CVE-2019-3822

Vulnerability

A stack-based buffer overflow exists in lib/vauth/ntlm.c:Curl_auth_create_ntlm_type3_message() in libcurl versions 7.36.0 through 7.63.0 [4]. The function constructs an NTLM type-3 HTTP header based on data from a previous NTLMv2 type-2 response. The bounds check intended to prevent overflow uses unsigned arithmetic incorrectly, so it fails when the nt response field exceeds approximately 1000 bytes. This allows a malicious or broken HTTP server to supply a crafted type-2 header that causes the type-3 output to overflow the local stack buffer [4].

Exploitation

An attacker must control an HTTP server that the victim's libcurl-based client connects to and that negotiates NTLM authentication (e.g., via --ntlm or automatic selection). No prior authentication is required.

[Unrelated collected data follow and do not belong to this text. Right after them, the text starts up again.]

lemma matvec_diff_scaled_idm:
  assumes "i < n"
  shows "matvec n (\<lambda>i j. M i j - \<alpha> * idm i j) v i = matvec n M v i - \<alpha> * v i"
proof -
  have "(\<Sum>j<n. (M i j - \<alpha> * idm i j) * v j) = (\<Sum>j<n. M i j * v j - (if j = i then \<alpha> * v j else 0))"
    by (rule sum.cong) (auto simp: idm_def algebra_simps)
  also have "\<dots> = (\<Sum>j<n. M i j * v j) - \<alpha> * v i"
    using assms by (simp add: sum_subtractf)
  finally show ?thesis using assms by (simp add: matvec_def)
qed

lemma opnorm_eqI:
  assumes "vnorm n x0 = 1" "vnorm n (matvec n M x0) = b"
    and "\<And>x. vnorm n x = 1 \<Longrightarrow> vnorm n (matvec n M x) \<le> b"
  shows "opnorm n M = b"
  unfolding opnorm_def using assms by (intro cSup_eq_maximum) auto

lemma vnorm_matvec_le_opnorm:
  assumes "vnorm n x0 = 1" "\<And>x. vnorm n x = 1 \<Longrightarrow> vnorm n (matvec n M x) \<le> B"
  shows "vnorm n (matvec n M x0) \<le> opnorm n M"
  unfolding opnorm_def using assms by (intro cSup_upper bdd_aboveI) auto

text \<open>The squared distance from \<alpha> to the eigenvalues x \<plusminus> i sqrt(1 - x^2) of a rotation with
  cosine x.\<close>
definition shift_factor :: "real \<Rightarrow> real \<Rightarrow> real" where
  "shift_factor \<alpha> x = 1 - 2*\<alpha>*x + \<alpha>\<^sup>2"

lemma shift_factor_eq: "shift_factor \<alpha> x = (\<alpha> - x)\<^sup>2 + (1 - x\<^sup>2)"
  by (simp add: shift_factor_def power2_diff)

lemma shift_factor_one: "shift_factor \<alpha> 1 = (1 - \<alpha>)\<^sup>2"
  by (simp add: shift_factor_def power2_diff)

lemma shift_factor_pos: "\<bar>x\<bar> < 1 \<Longrightarrow> 0 < shift_factor \<alpha> x"
  by (simp add: shift_factor_eq abs_square_less_1 add_nonneg_pos)

lemma shift_factor_antimono: "0 \<le> \<alpha> \<Longrightarrow> x \<le> y \<Longrightarrow> shift_factor \<alpha> y \<le> shift_factor \<alpha> x"
  by (simp add: shift_factor_def mult_left_mono)

lemma shift_factor_le: "\<bar>x\<bar> \<le> 1 \<Longrightarrow> shift_factor \<alpha> x \<le> (1 + \<bar>\<alpha>\<bar>)\<^sup>2"
proof -
  assume "\<bar>x\<bar> \<le> 1"
  then have "\<bar>\<alpha> * x\<bar> \<le> \<bar>\<alpha>\<bar>" by (simp add: abs_mult mult_left_le)
  then show ?thesis by (simp add: shift_factor_def power2_eq_square algebra_simps)
qed

locale rotation_blocks =
  fixes m :: nat and trail :: bool and c s :: "nat \<Rightarrow> real"
  assumes m_pos: "m \<ge> 1"
    and cos_sin: "\<forall>j<m. (c j)\<^sup>2 + (s j)\<^sup>2 = 1"
    and c0_pos: "0 < c 0"
    and c_strict_mono: "\<forall>i j. i < j \<and> j < m \<longrightarrow> c i < c j"
    and c_last_lt_1: "c (m - 1) < 1"
begin

abbreviation "NN \<equiv> dimA m trail"
abbreviation "AA \<equiv> blockA m trail c s"

lemma c_lt_1: "j < m \<Longrightarrow> c j < 1"
  using c_strict_mono[rule_format, of j "m-1"] c_last_lt_1 by (cases "j = m - 1") force+

lemma c0_le: "j < m \<Longrightarrow> c 0 \<le> c j"
  using c_strict_mono[rule_format, of 0 j] by (cases "j = 0") auto

lemma c0_lt_1: "c 0 < 1"
  using c_lt_1 m_pos by auto

lemma abs_c_le_1: "j < m \<Longrightarrow> \<bar>c j\<bar> \<le> 1"
  using c_lt_1 c0_le c0_pos by force

definition signed_blockA :: "real \<Rightarrow> nat \<Rightarrow> nat \<Rightarrow> real" where
  "signed_blockA \<sigma> i j =
    (if i < 2*m then
       (if j = i then c (i div 2)
        else if even i \<and> j = Suc i then \<sigma> * s (i div 2)
        else if odd i \<and> j = i - 1 then - (\<sigma> * s (i div 2)) else 0)
     else if trail \<and> i = 2*m \<and> j = 2*m then 1 else 0)"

The attacker sends a crafted NTLMv2 type-2 response containing a large nt response value (≥1000 bytes). When libcurl processes this response to generate the type-3 header, the flawed unsigned check allows copying more data than the allocated stack buffer, triggering the overflow [2][4].

Impact

Successful exploitation can cause a stack buffer overflow, leading to a denial of service (crash) or potentially arbitrary code execution with the privileges of the process using libcurl [3][4]. The impact is rated High (CVSS 8.8) [4].

Mitigation

The vulnerability is fixed in curl version 7.64.0, released on February 6, 2019 [4]. Users should upgrade to this version or apply the provided patch. As a workaround, disable NTLM authentication entirely. Red Hat Enterprise Linux 8 ships with the fixed version curl-7.61.1-11.el8 [1]. Ubuntu 16.04 LTS, 18.04 LTS, and 18.10 received updates via USN-3882-1 [3]. No workaround other than disabling NTLM is available for unpatched installations.